[Saved data entries]
-- Opening Marker --

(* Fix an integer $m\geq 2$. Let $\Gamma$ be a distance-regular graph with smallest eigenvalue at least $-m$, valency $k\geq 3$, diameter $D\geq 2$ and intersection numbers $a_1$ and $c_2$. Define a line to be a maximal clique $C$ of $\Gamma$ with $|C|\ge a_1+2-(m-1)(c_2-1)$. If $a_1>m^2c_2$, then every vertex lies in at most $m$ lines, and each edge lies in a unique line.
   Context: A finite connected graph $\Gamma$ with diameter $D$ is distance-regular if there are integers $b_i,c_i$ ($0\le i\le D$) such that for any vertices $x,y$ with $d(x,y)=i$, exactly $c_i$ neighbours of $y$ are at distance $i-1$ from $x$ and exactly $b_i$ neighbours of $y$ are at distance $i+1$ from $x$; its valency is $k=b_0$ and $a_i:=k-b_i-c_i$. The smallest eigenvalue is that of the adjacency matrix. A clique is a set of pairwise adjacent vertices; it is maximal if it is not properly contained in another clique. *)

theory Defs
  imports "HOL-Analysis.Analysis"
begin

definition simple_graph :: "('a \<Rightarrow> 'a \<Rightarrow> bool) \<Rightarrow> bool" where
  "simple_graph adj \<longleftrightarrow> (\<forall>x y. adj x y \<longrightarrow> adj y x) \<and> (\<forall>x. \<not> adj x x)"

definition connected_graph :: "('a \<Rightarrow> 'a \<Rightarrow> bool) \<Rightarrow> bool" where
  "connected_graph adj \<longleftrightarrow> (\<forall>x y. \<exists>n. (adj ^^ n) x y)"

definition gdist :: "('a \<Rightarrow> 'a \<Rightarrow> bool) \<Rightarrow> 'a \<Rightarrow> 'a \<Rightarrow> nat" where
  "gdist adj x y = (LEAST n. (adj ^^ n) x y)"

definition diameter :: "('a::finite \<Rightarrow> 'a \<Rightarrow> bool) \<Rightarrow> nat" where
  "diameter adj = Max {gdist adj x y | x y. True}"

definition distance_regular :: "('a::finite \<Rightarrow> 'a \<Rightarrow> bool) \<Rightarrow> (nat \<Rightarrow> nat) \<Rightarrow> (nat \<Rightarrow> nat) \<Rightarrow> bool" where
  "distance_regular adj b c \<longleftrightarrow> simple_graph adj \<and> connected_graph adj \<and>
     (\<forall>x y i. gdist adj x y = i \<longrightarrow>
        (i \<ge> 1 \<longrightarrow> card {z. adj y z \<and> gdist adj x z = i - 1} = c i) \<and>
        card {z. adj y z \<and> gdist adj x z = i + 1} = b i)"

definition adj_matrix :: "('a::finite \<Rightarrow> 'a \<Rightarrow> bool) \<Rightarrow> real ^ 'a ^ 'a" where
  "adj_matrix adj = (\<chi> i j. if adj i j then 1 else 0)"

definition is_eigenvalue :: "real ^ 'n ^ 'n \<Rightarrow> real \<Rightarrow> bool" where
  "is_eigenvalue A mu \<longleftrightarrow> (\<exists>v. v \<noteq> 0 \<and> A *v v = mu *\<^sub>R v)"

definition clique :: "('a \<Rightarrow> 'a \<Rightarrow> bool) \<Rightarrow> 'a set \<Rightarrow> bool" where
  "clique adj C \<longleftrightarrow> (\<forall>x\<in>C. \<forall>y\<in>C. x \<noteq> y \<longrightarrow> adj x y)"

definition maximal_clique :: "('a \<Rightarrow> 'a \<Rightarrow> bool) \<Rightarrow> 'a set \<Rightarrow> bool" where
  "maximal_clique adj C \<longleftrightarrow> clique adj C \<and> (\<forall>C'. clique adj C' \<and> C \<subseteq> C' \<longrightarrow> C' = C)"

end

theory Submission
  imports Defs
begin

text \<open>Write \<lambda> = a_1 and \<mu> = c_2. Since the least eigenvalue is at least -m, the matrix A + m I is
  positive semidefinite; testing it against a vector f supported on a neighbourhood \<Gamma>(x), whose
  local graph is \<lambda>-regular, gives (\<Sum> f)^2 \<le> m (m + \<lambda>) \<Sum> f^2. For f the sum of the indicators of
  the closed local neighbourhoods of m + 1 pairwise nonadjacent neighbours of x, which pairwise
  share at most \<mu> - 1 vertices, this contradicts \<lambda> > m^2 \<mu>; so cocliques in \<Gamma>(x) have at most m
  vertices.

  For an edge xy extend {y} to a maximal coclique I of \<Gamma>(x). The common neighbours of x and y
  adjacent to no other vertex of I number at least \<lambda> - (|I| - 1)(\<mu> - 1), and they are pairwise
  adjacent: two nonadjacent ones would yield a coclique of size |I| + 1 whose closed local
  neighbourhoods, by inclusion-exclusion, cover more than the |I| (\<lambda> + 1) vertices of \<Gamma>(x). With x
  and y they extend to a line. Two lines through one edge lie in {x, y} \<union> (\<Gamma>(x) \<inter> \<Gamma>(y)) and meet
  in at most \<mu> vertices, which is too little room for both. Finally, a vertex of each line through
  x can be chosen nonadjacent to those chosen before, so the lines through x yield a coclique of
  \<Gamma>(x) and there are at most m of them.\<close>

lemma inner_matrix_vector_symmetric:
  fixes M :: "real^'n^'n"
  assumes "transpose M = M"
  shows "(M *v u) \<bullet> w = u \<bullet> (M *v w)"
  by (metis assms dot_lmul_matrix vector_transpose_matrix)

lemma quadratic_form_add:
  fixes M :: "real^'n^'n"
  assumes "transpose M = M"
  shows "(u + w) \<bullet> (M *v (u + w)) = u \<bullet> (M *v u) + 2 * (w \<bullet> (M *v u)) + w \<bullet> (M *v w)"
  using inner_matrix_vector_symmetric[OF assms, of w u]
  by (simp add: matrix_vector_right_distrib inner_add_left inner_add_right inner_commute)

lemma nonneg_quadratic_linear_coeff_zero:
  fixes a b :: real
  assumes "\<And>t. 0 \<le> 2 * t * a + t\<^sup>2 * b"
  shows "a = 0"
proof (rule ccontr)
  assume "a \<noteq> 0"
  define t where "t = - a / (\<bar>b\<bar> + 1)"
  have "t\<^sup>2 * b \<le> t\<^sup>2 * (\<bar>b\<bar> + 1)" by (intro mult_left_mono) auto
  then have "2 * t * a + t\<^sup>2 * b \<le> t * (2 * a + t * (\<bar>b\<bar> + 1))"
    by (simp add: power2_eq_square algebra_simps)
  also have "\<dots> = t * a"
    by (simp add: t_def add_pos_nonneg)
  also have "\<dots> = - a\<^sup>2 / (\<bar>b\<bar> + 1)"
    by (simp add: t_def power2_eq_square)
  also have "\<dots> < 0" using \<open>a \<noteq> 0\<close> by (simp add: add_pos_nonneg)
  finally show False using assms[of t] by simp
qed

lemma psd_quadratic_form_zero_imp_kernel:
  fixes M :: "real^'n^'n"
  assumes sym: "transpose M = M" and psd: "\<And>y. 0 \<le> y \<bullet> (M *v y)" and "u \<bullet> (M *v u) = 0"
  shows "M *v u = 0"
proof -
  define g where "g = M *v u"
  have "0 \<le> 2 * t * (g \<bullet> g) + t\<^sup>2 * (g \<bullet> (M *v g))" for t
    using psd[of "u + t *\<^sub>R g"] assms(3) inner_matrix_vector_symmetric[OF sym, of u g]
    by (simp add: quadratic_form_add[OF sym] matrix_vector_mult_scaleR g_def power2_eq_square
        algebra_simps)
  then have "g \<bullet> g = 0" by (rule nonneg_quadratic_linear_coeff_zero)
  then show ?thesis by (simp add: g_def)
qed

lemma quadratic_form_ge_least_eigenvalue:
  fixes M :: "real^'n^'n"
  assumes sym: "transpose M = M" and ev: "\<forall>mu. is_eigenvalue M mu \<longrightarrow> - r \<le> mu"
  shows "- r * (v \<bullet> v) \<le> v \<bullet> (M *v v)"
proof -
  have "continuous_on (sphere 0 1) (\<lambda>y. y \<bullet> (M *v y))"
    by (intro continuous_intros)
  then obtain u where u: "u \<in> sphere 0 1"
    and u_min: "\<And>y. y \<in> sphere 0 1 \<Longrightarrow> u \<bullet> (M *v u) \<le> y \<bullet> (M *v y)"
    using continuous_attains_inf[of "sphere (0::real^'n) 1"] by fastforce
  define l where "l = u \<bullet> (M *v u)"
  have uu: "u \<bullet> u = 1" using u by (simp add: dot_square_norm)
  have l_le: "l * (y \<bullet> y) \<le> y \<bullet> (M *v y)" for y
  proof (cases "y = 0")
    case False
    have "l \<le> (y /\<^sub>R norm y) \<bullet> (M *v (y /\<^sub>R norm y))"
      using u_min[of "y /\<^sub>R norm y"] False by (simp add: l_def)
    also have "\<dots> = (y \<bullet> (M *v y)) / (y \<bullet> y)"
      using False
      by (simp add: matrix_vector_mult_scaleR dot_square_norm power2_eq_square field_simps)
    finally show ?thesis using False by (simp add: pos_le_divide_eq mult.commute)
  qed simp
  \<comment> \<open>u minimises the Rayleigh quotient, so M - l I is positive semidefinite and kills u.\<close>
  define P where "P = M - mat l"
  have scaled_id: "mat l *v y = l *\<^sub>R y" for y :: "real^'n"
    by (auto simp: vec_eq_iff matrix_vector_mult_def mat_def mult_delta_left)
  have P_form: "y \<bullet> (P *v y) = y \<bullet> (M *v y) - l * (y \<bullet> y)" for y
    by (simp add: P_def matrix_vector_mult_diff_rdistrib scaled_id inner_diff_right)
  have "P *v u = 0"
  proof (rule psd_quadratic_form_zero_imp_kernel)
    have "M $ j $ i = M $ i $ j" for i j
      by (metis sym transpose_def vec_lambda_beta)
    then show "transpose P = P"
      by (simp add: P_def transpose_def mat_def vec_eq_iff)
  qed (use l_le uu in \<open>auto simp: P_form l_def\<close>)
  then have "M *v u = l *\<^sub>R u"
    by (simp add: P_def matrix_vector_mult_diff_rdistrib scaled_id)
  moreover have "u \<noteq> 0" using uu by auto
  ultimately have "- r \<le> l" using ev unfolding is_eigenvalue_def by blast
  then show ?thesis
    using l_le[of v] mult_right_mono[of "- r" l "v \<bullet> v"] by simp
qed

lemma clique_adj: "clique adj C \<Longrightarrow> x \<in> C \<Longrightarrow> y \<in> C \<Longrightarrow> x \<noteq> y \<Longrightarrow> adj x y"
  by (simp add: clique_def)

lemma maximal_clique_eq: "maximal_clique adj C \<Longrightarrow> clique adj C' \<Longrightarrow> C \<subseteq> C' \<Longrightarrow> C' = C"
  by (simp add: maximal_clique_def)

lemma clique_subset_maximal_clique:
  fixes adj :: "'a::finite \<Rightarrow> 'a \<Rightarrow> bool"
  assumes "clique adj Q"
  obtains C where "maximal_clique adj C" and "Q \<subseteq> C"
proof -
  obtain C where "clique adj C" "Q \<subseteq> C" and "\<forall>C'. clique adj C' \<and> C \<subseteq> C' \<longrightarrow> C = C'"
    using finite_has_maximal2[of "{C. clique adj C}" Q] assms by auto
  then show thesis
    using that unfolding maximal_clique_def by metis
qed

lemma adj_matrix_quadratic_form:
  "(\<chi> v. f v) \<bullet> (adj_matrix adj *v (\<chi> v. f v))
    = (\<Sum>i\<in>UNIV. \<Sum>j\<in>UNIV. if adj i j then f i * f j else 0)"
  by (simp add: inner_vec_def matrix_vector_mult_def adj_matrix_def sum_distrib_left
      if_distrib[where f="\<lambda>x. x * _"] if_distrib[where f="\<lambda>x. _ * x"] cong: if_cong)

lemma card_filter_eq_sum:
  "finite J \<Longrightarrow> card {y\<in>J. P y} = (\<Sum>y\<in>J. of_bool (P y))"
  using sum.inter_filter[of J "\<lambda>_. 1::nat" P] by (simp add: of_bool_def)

-- Closing Marker --
-- Opening Marker --

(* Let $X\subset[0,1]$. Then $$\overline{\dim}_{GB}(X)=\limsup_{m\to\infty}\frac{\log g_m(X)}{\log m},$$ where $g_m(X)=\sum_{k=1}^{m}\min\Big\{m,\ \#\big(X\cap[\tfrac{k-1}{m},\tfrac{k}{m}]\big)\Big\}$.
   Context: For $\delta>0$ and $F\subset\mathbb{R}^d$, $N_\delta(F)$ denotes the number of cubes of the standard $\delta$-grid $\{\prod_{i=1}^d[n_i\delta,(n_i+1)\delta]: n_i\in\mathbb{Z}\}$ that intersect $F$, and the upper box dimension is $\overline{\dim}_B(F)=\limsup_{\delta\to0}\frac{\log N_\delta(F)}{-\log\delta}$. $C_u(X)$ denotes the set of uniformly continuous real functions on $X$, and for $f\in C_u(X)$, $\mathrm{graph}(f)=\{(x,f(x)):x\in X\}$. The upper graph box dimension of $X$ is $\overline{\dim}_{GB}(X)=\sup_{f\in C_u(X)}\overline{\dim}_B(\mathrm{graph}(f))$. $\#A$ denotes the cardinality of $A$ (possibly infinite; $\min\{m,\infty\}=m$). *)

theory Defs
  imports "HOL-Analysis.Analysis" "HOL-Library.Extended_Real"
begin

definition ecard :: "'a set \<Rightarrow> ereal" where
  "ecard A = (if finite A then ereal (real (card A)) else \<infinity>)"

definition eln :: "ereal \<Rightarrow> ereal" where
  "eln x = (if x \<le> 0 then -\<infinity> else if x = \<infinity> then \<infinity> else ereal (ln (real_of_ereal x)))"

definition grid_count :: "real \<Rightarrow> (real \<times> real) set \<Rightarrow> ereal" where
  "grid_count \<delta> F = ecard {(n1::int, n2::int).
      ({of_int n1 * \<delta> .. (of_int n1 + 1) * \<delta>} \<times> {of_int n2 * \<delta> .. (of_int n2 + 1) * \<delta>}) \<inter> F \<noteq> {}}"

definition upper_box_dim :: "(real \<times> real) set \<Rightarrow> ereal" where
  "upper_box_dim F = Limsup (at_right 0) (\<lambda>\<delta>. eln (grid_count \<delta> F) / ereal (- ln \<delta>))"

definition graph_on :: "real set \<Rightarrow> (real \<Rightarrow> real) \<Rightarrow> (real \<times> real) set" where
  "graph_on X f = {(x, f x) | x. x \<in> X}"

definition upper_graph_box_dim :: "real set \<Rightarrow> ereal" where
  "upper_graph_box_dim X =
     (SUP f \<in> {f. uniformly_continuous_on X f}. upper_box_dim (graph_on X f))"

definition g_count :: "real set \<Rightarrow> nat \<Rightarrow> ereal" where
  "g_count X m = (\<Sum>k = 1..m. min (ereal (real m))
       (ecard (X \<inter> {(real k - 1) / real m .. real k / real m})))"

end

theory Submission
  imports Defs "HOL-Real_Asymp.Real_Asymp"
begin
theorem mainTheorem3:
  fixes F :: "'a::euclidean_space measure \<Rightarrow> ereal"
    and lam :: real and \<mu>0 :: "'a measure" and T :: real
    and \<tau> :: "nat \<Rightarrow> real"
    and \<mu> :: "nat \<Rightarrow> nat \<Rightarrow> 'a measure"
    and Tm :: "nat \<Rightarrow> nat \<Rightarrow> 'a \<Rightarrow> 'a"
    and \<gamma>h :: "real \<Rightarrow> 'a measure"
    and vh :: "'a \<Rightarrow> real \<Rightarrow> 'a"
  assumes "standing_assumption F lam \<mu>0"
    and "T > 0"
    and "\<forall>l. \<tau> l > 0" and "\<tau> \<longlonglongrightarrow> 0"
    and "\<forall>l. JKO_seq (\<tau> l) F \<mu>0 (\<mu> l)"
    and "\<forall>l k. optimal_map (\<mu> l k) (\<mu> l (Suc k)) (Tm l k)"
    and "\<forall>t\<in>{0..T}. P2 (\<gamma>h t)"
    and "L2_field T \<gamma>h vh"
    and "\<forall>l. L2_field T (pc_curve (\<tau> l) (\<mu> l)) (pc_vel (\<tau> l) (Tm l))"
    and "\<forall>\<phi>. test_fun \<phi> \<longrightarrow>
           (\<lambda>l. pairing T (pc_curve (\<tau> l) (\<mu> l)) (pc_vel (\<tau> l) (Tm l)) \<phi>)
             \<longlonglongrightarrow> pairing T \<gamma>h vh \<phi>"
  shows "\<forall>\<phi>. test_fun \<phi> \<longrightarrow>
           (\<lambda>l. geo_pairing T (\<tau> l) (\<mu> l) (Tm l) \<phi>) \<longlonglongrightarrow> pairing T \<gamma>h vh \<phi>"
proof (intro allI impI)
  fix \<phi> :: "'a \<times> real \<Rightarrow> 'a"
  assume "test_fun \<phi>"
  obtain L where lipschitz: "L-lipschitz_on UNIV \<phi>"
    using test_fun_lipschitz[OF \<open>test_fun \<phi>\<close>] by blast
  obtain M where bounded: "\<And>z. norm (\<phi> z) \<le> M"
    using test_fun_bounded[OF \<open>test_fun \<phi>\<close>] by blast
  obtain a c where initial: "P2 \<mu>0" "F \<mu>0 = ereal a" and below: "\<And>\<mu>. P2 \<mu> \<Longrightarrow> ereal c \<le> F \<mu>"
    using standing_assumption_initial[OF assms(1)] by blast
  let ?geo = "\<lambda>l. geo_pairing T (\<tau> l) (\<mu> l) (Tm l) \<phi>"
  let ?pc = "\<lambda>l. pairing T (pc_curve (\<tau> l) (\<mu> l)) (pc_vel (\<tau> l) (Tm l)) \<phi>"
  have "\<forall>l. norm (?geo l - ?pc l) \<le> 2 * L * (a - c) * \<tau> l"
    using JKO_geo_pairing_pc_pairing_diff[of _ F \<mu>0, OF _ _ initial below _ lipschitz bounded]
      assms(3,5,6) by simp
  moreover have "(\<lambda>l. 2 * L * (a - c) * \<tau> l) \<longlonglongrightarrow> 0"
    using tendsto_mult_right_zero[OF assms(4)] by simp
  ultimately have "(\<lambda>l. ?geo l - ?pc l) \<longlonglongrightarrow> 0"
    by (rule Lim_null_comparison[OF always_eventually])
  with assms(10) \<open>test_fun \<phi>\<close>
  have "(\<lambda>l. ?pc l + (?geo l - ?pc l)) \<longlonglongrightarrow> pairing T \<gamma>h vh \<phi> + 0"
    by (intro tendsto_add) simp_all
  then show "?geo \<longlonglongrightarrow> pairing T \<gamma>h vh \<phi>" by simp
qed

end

-- Closing Marker --
-- Opening Marker --

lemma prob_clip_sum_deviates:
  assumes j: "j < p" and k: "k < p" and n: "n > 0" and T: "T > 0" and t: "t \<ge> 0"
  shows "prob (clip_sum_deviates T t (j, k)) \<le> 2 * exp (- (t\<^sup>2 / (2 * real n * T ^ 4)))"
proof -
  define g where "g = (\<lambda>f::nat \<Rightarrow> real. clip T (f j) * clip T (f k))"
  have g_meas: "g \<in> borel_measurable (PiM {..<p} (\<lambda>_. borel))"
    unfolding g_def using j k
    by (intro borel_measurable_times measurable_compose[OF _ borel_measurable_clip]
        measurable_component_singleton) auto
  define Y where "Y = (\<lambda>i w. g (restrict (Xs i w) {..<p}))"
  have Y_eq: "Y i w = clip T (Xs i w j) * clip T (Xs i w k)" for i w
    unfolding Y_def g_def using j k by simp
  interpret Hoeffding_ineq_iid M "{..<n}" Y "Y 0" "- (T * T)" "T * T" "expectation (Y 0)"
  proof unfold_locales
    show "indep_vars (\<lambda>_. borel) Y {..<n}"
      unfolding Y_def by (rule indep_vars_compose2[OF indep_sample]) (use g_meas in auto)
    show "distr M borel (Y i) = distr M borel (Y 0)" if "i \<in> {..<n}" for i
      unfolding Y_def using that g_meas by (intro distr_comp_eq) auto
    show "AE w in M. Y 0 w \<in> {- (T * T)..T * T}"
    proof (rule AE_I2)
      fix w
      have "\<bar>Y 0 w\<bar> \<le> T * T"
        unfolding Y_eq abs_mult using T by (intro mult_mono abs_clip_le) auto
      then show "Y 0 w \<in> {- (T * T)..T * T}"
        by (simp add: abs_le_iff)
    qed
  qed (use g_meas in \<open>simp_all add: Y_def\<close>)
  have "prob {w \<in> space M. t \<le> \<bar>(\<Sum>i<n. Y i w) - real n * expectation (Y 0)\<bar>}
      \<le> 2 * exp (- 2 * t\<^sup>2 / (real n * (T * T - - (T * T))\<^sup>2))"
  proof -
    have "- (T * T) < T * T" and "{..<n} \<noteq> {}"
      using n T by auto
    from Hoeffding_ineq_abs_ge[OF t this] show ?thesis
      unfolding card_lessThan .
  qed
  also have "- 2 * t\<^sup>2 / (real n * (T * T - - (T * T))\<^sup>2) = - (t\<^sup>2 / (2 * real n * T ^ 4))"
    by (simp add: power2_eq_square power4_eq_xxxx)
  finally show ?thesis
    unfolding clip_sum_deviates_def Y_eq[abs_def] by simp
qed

-- Closing Marker --

| What the task asks |
What is asked for is an exact copy of the lines above from the one containing "in at most \<mu>" through the one containing "- a\<^sup>2 /", and only those.

| Written response |
  in at most \<mu> vertices, which is too little room for both. Finally, a vertex of each line through
  x can be chosen nonadjacent to those chosen before, so the lines through x yield a coclique of
  \<Gamma>(x) and there are at most m of them.\<close>

lemma inner_matrix_vector_symmetric:
  fixes M :: "real^'n^'n"
  assumes "transpose M = M"
  shows "(M *v u) \<bullet> w = u \<bullet> (M *v w)"
  by (metis assms dot_lmul_matrix vector_transpose_matrix)

lemma quadratic_form_add:
  fixes M :: "real^'n^'n"
  assumes "transpose M = M"
  shows "(u + w) \<bullet> (M *v (u + w)) = u \<bullet> (M *v u) + 2 * (w \<bullet> (M *v u)) + w \<bullet> (M *v w)"
  using inner_matrix_vector_symmetric[OF assms, of w u]
  by (simp add: matrix_vector_right_distrib inner_add_left inner_add_right inner_commute)

lemma nonneg_quadratic_linear_coeff_zero:
  fixes a b :: real
  assumes "\<And>t. 0 \<le> 2 * t * a + t\<^sup>2 * b"
  shows "a = 0"
proof (rule ccontr)
  assume "a \<noteq> 0"
  define t where "t = - a / (\<bar>b\<bar> + 1)"
  have "t\<^sup>2 * b \<le> t\<^sup>2 * (\<bar>b\<bar> + 1)" by (intro mult_left_mono) auto
  then have "2 * t * a + t\<^sup>2 * b \<le> t * (2 * a + t * (\<bar>b\<bar> + 1))"
    by (simp add: power2_eq_square algebra_simps)
  also have "\<dots> = t * a"
    by (simp add: t_def add_pos_nonneg)
  also have "\<dots> = - a\<^sup>2 / (\<bar>b\<bar> + 1)"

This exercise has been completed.